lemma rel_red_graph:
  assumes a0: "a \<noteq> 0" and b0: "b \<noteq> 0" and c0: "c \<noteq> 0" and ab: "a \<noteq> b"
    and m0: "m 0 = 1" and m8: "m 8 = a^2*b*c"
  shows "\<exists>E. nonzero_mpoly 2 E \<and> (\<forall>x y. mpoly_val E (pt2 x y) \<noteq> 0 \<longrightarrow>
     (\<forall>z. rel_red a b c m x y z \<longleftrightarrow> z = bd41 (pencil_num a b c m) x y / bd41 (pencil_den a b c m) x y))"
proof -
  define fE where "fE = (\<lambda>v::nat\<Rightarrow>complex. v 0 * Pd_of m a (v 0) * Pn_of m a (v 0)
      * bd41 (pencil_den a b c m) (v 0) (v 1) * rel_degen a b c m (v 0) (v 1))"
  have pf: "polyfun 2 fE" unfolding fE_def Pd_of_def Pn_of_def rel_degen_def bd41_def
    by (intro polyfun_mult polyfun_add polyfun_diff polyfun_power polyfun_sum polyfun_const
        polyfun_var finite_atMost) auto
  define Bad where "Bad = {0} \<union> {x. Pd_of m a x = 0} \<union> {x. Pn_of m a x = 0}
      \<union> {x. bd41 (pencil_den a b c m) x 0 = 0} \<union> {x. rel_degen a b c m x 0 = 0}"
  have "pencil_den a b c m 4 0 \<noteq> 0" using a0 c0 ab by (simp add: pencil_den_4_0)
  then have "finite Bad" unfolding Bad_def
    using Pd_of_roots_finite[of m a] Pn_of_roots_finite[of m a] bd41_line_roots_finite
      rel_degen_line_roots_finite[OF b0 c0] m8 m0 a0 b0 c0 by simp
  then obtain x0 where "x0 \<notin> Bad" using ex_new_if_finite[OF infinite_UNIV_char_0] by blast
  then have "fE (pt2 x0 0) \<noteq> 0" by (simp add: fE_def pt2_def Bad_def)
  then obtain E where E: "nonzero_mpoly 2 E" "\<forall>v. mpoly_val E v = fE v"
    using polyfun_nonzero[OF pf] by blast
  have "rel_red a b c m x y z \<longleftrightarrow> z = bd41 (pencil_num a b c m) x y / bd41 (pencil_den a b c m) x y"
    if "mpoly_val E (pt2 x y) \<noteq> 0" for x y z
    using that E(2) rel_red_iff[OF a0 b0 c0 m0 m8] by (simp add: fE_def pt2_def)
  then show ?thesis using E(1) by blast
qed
---------------
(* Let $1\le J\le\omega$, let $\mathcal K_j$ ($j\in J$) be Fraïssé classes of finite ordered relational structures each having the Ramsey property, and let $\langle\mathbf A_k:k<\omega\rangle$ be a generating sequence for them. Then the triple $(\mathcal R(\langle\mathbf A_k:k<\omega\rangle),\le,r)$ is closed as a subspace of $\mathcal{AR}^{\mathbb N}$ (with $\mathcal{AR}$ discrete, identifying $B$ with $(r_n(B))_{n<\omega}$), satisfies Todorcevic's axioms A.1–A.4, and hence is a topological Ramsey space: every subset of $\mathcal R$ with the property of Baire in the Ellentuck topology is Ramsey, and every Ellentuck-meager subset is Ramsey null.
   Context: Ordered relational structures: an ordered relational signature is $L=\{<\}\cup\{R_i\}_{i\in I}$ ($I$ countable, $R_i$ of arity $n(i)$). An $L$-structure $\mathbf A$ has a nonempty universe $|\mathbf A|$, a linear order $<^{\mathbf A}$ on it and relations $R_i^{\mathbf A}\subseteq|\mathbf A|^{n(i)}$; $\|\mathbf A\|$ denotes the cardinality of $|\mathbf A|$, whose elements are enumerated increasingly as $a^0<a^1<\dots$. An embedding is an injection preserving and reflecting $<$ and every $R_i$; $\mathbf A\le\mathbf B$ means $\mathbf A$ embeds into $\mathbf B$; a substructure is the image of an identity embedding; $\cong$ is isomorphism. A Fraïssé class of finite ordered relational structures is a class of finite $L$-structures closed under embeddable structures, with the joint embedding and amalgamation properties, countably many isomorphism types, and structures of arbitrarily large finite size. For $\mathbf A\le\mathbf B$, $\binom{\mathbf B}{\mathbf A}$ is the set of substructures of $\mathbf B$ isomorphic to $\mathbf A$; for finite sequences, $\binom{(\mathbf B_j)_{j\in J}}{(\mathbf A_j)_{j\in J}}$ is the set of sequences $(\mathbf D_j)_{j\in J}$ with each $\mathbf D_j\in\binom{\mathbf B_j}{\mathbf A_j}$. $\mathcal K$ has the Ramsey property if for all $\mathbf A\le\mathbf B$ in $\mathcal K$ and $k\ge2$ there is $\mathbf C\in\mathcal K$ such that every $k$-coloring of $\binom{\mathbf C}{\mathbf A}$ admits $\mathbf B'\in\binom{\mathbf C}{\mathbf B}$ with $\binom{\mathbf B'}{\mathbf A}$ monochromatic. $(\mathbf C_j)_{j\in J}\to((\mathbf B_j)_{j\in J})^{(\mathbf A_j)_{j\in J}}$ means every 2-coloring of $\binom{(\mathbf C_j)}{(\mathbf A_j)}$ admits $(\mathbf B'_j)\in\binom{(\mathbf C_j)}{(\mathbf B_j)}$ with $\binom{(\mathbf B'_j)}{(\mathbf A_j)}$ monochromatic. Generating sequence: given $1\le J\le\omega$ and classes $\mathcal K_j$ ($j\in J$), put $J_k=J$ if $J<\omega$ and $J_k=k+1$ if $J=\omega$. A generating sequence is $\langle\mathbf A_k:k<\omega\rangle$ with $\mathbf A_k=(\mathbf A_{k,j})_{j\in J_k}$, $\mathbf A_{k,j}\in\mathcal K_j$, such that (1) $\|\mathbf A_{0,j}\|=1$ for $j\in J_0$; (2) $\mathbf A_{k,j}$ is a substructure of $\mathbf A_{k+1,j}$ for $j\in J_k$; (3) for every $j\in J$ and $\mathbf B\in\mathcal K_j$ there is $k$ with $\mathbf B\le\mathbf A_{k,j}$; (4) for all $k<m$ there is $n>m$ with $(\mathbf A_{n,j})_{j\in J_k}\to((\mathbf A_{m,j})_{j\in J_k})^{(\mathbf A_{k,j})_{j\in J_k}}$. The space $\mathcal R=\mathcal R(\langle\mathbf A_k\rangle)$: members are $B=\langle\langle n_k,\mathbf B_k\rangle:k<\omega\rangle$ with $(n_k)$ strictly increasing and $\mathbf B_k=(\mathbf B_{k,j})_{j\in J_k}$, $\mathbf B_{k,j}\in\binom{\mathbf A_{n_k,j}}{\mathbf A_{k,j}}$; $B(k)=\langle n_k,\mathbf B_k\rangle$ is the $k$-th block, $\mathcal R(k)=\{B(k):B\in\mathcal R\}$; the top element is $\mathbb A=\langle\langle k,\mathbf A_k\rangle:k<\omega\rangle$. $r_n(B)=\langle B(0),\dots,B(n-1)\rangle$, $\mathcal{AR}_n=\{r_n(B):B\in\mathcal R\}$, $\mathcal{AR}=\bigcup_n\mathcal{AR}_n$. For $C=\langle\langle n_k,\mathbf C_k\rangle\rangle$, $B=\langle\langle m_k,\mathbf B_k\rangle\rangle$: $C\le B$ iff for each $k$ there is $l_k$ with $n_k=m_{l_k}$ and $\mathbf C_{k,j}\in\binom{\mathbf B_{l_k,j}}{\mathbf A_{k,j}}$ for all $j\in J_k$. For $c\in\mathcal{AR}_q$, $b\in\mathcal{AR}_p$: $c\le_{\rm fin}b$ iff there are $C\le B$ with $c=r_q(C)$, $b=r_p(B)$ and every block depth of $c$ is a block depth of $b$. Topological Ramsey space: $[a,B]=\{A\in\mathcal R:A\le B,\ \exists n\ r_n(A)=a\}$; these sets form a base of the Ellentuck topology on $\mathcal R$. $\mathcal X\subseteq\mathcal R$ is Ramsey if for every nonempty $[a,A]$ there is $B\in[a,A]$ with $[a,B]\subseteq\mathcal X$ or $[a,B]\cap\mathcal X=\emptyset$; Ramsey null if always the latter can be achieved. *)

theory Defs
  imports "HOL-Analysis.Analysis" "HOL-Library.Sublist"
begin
---------------
▶ _Exercise requirements_: Across the lines of the material above, tally those holding the word "union" and state the number by itself.

▶ _Solution for this task_: 2